The metal lock nut, the rubber gasket and the paper washer were installed, turning by hand most of the way. The only practical way to tighten these huge lock nuts is to use a pair of 18" jumbo Channel-Lock pliers. To hold the basket from turning I use a pair of screwdrivers placed  in an X-formation in the little holes.

These pliers are worth their weight in gold. Every handyman/person needs a pair. They are definitely worth the $20.

There is also a "basket wrench" available, which has long prongs that grab the basket through the drain holes. Considering how many times I have installed these baskets lately, I should buy this tool. But I haven't.

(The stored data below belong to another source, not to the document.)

(* Let $k$ be a perfect field of characteristic $p>0$, $P$ a finite poset, $R=\mathcal{R}_k[J(P)]$ the Hibi ring and $\mathfrak{m}=R_+$. Let $\overline{P}=P\cup\{-\infty,\infty\}$ and let $\Sigma$ be the set of functions $\psi:\overline{P}\to\mathbb{R}$ such that $\psi(\infty)=0$ and $0\le\psi(x)-\psi(y)\le1$ whenever $x\lessdot y$ in $\overline{P}$. Then \[ \operatorname{fpt}(\mathfrak{m})=\max\{\psi(-\infty)\mid\psi\in\Sigma\}. \]
   Context: $J(P)$ is the set of poset ideals of $P=\{p_1,\dots,p_N\}$ (down-closed subsets, including $\emptyset$ and $P$). The Hibi ring is $\mathcal{R}_k[J(P)]=k[\,T\prod_{p_i\in I}X_i\mid I\in J(P)\,]\subseteq k[T,X_1,\dots,X_N]$, each generator in degree $1$; $\mathfrak{m}=R_+$ is generated by these generators. In $\overline{P}$, $-\infty<x<\infty$ for all $x\in P$; $x\lessdot y$ means $x<y$ with no $z$ satisfying $x<z<y$. For a real $t\ge0$, the pair $(R,\mathfrak{m}^t)$ is $F$-pure if for all large $q=p^e$ there is $d\in\mathfrak{m}^{\lceil t(q-1)\rceil}$ such that the $R$-linear map $R\to R^{1/q}$, $1\mapsto d^{1/q}$, splits; $\operatorname{fpt}(\mathfrak{m})=\sup\{t\ge0\mid(R,\mathfrak{m}^t)\text{ is }F\text{-pure}\}$. *)

theory Defs
  imports Complex_Main "HOL-Library.Poly_Mapping" "HOL-Computational_Algebra.Primes"
begin

text \<open>Polynomial ring k[T, X_p (p in P)]: monomials are exponent vectors indexed by
  'a option, where None stands for T and Some p for X_p.\<close>
type_synonym ('a, 'k) mpoly = "('a option \<Rightarrow>\<^sub>0 nat) \<Rightarrow>\<^sub>0 'k"

definition poset_ideals :: "'a::order set \<Rightarrow> 'a set set" where
  "poset_ideals P = {I. I \<subseteq> P \<and> (\<forall>x\<in>I. \<forall>y\<in>P. y \<le> x \<longrightarrow> y \<in> I)}"

definition hibi_gen :: "'a set \<Rightarrow> ('a, 'k::comm_ring_1) mpoly" where
  "hibi_gen I = Poly_Mapping.single
      (Poly_Mapping.single None 1 + (\<Sum>p\<in>I. Poly_Mapping.single (Some p) 1)) 1"

inductive_set hibi_ring :: "'a::order set \<Rightarrow> ('a, 'k::comm_ring_1) mpoly set"
  for P :: "'a set" where
  const: "Poly_Mapping.single 0 c \<in> hibi_ring P"
| gen: "I \<in> poset_ideals P \<Longrightarrow> hibi_gen I \<in> hibi_ring P"
| add: "x \<in> hibi_ring P \<Longrightarrow> y \<in> hibi_ring P \<Longrightarrow> x + y \<in> hibi_ring P"
| mult: "x \<in> hibi_ring P \<Longrightarrow> y \<in> hibi_ring P \<Longrightarrow> x * y \<in> hibi_ring P"

definition is_ideal_in :: "'r::comm_ring_1 set \<Rightarrow> 'r set \<Rightarrow> bool" where
  "is_ideal_in R I \<longleftrightarrow> I \<subseteq> R \<and> 0 \<in> I \<and> (\<forall>x\<in>I. \<forall>y\<in>I. x + y \<in> I)
      \<and> (\<forall>r\<in>R. \<forall>x\<in>I. r * x \<in> I)"

definition ideal_gen :: "'r::comm_ring_1 set \<Rightarrow> 'r set \<Rightarrow> 'r set" where
  "ideal_gen R S = \<Inter>{I. is_ideal_in R I \<and> S \<subseteq> I}"

fun ideal_pow :: "'r::comm_ring_1 set \<Rightarrow> 'r set \<Rightarrow> nat \<Rightarrow> 'r set" where
  "ideal_pow R I 0 = R"
| "ideal_pow R I (Suc n) = ideal_gen R {a * b | a b. a \<in> ideal_pow R I n \<and> b \<in> I}"

definition hibi_max :: "'a::order set \<Rightarrow> ('a, 'k::comm_ring_1) mpoly set" where
  "hibi_max P = ideal_gen (hibi_ring P) (hibi_gen ` poset_ideals P)"

text \<open>The R-linear map R -> R^{1/q}, 1 |-> d^{1/q} splits.  Identifying R^{1/q} with R via
  x^{1/q} <-> x (so r acts on R^{1/q} as x |-> r^q x), a splitting is an additive
  map phi : R -> R with phi (r^q x) = r phi(x) and phi(d) = 1.\<close>
definition frob_splits :: "'r::comm_ring_1 set \<Rightarrow> nat \<Rightarrow> 'r \<Rightarrow> bool" where
  "frob_splits R q d \<longleftrightarrow> (\<exists>\<phi>. (\<forall>x\<in>R. \<phi> x \<in> R)
      \<and> (\<forall>x\<in>R. \<forall>y\<in>R. \<phi> (x + y) = \<phi> x + \<phi> y)
      \<and> (\<forall>r\<in>R. \<forall>x\<in>R. \<phi> (r ^ q * x) = r * \<phi> x)
      \<and> \<phi> d = 1)"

I've always gotten by with two screwdrivers in an "X" formation, or I've used a pair or needle-nose pliers. Of course, I've also bent a few pairs of pliers trying to remove locknuts this way. (Tightening is not such a problem) I no longer try to remove lock nuts, I just break them and replace them. The other day I had to replace a pair of baskets for a client, and I just grabbed the metal tab with pliers and twisted, and the die-cast zinc nut just snapped like nothing. Hmmm.

The installed basket. The lock nut must not be over-tightened, or the rubber gasket can be squeezed out of place, which could cause a leak.


I believe in using silicone for a sealant under between the basin and the basket, because after it cures the silicone will act as an adhesive, something that plumber's putty cannot do.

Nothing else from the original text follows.